Изобретение театра
Шрифт:
Программное искусство режиссуры начинается с ощупыванья авторского мира, сочувствованья его языка и стиля – придумыванье СВОЕГО идет параллельно с осознанием и привыканием к чужому как к личному, – переход собственности из рук в руки – это и есть репетиционный процесс, а на премьере уже никакого дележа: все авторское – уже только твое, только тебе принадлежит, и, если ты настаиваешь на собственности, это уже твое решение. Как Г. А. Товстоногов точно сказал, «режиссерское решение – это то, что можно украсть».
Если режиссерского решения нет, то и красть нечего!
Фон и функции фона. На одноцветном – хорошо читаемые костюмы и предметы. Нейтральность как прием визуального воздержания. Линия ограничения – по линии соприкосновения фактур. В 50-е годы черный бархат («черный кабинет») производил впечатление театральной сенсации – соцреализм не хотел и запрещал «все черное». Сейчас это вспоминается как нечто
«Снять эти тряпки!.. Одежда сцены должна радовать глаз, она может быть только светлой, жизнерадостной, оптимистичной.»
Вот такая аргументация торжествовала в те еще годы.
Бесконечные перемены света радуют, конечно. Но оскорбляют гармонию. Затемнения хороши, тени хороши, боковые прострелы дивны, сверху падающие ослепительные удары мощны – и все же нет ничего лучше медленного перехода от режима к режиму, нет ничего прекраснее тихо горящего цветного задника, который НЕ МЕШАЕТ актеру, не давит на глаз зрителя. Гармония возникает благодаря мягкой расцветке, а не миганию перевозбудившихся ламп. Старый театр с его свечами, конечно же, умер, а новое зрелище тоскует по спокойным переливам – мечтаю сделать «грозу» при абсолютно белом свете, без всяких молний и громов, в полной тишине. Это и будет Театром.
Хватит иллюстрировать. Хватит изображать. Нам надо учиться, как говорил Станиславский, передавать на театре «непередаваемое».

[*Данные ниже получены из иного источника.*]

(* Let $U$ be a matchgate unitary on $n$ qubits, let $B=i^bC_{\vec\alpha}$ be a Hermitian Pauli observable (with $\vec\alpha$ a Majorana configuration and $b$ an integer), and let $S\subseteq\{1,\dots,n\}$. For each $s\in S$ let $\mathbf n_s\in\mathbb R^3$ be a unit vector and define the $3\times 3$ matrix $\mathbf M_s$ by the requirement that $\frac{1}{2^{n+2}}\|[\mathbf n\cdot\boldsymbol\sigma_s,U^\dagger BU]\|^2=\mathbf n^*\cdot\mathbf M_s\cdot\mathbf n$ for all $\mathbf n$. For each qubit $j\in\{1,\dots,n\}$ choose a unit Bloch vector $\mathbf n^\perp_j$, with $\mathbf n^\perp_j\perp\mathbf n_j$ for $j\in S$, and consider the product basis $\{\otimes_{j=1}^n|(-1)^{\ell_j}\mathbf n_j^\perp\rangle\}_{\boldsymbol\ell\in\{0,1\}^n}$, where $|\mathbf m\rangle$ denotes the single-qubit pure state with Bloch vector $\mathbf m$. Then $$\overline{\big|\langle U^\dagger BU\rangle-\langle(\otimes_{s\in S}\mathcal E_s)[U^\dagger BU]\rangle\big|}\le\sum_{s\in S}\sqrt{\mathbf n_s^*\cdot\mathbf M_s\cdot\mathbf n_s},$$ where $\overline{(\cdot)}$ denotes the uniform average over the $2^n$ states of this product basis (expectation values taken in each basis state), and $\mathcal E_s$ is the completely depolarizing channel on qubit $s$, $\mathcal E_s(O)=\frac14\big(O+\sum_{k\in\{x,y,z\}}\sigma^k_sO\sigma^k_s\big)$.
   Context: On $n$ qubits, $\boldsymbol\sigma_s=(\sigma^x_s,\sigma^y_s,\sigma^z_s)=(X_s,Y_s,Z_s)$ are the Pauli operators on qubit $s$ and $\mathbf n\cdot\boldsymbol\sigma_s=\sum_k n_k\sigma^k_s$. Majorana operators: $c_{2k-1}=Z_1\cdots Z_{k-1}X_k$, $c_{2k}=Z_1\cdots Z_{k-1}Y_k$. A Majorana configuration is an ordered tuple $\vec\alpha=(\alpha_1<\dots<\alpha_k)$ with entries in $\{1,\dots,2n\}$, and $C_{\vec\alpha}=c_{\alpha_1}\cdots c_{\alpha_k}$. A matchgate unitary is a unitary $U$ on $n$ qubits for which there is $\mathbf u\in\mathbf{SO}(2n)$ with $U^\dagger c_\mu U=\sum_\nu u_{\mu\nu}c_\nu$ for all $\mu$. $\|O\|^2=\mathrm{tr}(O^\dagger O)$ is the Frobenius norm. *)

theory Defs
  imports Complex_Main "Jordan_Normal_Form.Matrix" "Jordan_Normal_Form.Determinant"
    "Jordan_Normal_Form.Schur_Decomposition"
begin

text \<open>n-qubit operators are complex 2^n x 2^n matrices. Basis index i < 2^n;
  qubit j (1 \<le> j \<le> n) corresponds to binary digit (j-1) of i.\<close>

definition qbit :: "nat \<Rightarrow> nat \<Rightarrow> nat" where
  "qbit i j = (i div 2 ^ j) mod 2"

text \<open>Tensor product of single-qubit 2x2 matrices f 0, ..., f (n-1) (f j acts on qubit j+1).\<close>
definition tensor :: "nat \<Rightarrow> (nat \<Rightarrow> complex mat) \<Rightarrow> complex mat" where
  "tensor n f = mat (2 ^ n) (2 ^ n) (\<lambda>(i, k). \<Prod>j<n. f j $$ (qbit i j, qbit k j))"

definition embed :: "nat \<Rightarrow> nat \<Rightarrow> complex mat \<Rightarrow> complex mat" where
  "embed n s A = tensor n (\<lambda>j. if j = s - 1 then A else 1\<^sub>m 2)"

definition pauliX :: "complex mat" where
  "pauliX = mat_of_rows_list 2 [[0, 1], [1, 0]]"
definition pauliY :: "complex mat" where
  "pauliY = mat_of_rows_list 2 [[0, - \<i>], [\<i>, 0]]"
definition pauliZ :: "complex mat" where
  "pauliZ = mat_of_rows_list 2 [[1, 0], [0, -1]]"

Уже находясь на смертном одре, Булгаков возжелал «Маяковского прочесть как следует» – показательно, ибо Владимир гнобил Михаила за «Белую гвардию», а Михаил презирал ревискусство.
Будете смеяться, но. Эсхатология наступает. Приближение смерти переживается мною прежде всего как надвигающийся ужас безработицы. Лежать и ничего не делать – брррр. Нет самозащиты от беды проникновения в бездну, где не будет тех и того, что зовут к творению чего-то из ничего, то есть театра. Я вполне серьезно боюсь оказаться вынужденно неподвижным, ибо привык к тому, что Пастернак назвал «резать ножницами воду». Зачем резать?.. Почему воду?.. И почему ножницами?.. Так вопрос не стоит, и все же ясно, что мои каждодневные усилия (труды – звучало бы высокомерно) тщетны, суетны, даже в конечном свете (а кто считает?) бессмысленны, ибо будут списаны и забыты (и это нормально), но отказ от театрального служения, собственно, и есть смерть.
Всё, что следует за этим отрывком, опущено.